* Task goal:
Examine the records and identify each line that includes the string "assms". Copy those lines.

Dataset entries
lemma pullback_eqI:
  assumes "a \<noteq> 0" "b \<noteq> 0" "f {0, a} = {0, b}"
  shows "pullback f a = b"
proof -
  have "(THE x. f {0, a} = {0, x}) = b"
  proof (rule the_equality)
    fix x assume "f {0, a} = {0, x}"
    then show "x = b" using assms(2,3) by (auto simp: doubleton_eq_iff)
  qed (rule assms(3))
  then show ?thesis
    using assms(1) unfolding pullback_def by simp
qed

context
  fixes f :: "'a::ab_group_add set \<Rightarrow> 'a set"
  assumes aut: "P0_automorphism f"
begin

lemma automorphism_bij: "bij_betw f P0 P0"
  using aut unfolding P0_automorphism_def by blast

lemma automorphism_set_add: "A \<in> P0 \<Longrightarrow> B \<in> P0 \<Longrightarrow> f (set_add A B) = set_add (f A) (f B)"
  using aut unfolding P0_automorphism_def by blast

lemma automorphism_in_P0: "A \<in> P0 \<Longrightarrow> f A \<in> P0"
  by (rule bij_betw_apply[OF automorphism_bij])

lemma automorphism_inj: "inj_on f P0"
  by (rule bij_betw_imp_inj_on[OF automorphism_bij])

lemma automorphism_image_P0: "f ` P0 = P0"
  by (rule bij_betw_imp_surj_on[OF automorphism_bij])

lemma automorphism_eq_iff: "A \<in> P0 \<Longrightarrow> B \<in> P0 \<Longrightarrow> f A = f B \<longleftrightarrow> A = B"
  by (rule inj_on_eq_iff[OF automorphism_inj])

lemma automorphism_eq_zero_iff: "A \<in> P0 \<Longrightarrow> f A = {0} \<longleftrightarrow> A = {0}"
  using aut automorphism_eq_iff[of A "{0}"] zero_pair_in_P0[of 0]
  unfolding P0_automorphism_def by simp

lemma automorphism_UNIV: "f UNIV = UNIV"
proof -
  have "UNIV \<in> f ` P0"
    by (simp add: automorphism_image_P0 UNIV_in_P0)
  then obtain Z where Z: "Z \<in> P0" "f Z = UNIV"
    by blast
  have "f UNIV = f (set_add Z UNIV)" using set_add_UNIV[OF Z(1)] by simp
  also have "\<dots> = set_add UNIV (f UNIV)"
    using automorphism_set_add[OF Z(1) UNIV_in_P0] Z(2) by simp
  also have "\<dots> = UNIV"
    using set_add_UNIV[OF automorphism_in_P0[OF UNIV_in_P0]] by (simp add: set_add_commute)
  finally show ?thesis .
qed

* Expected answer:
    then show "x = b" using assms(2,3) by (auto simp: doubleton_eq_iff)
  qed (rule assms(3))
    using assms(1) unfolding pullback_def by simp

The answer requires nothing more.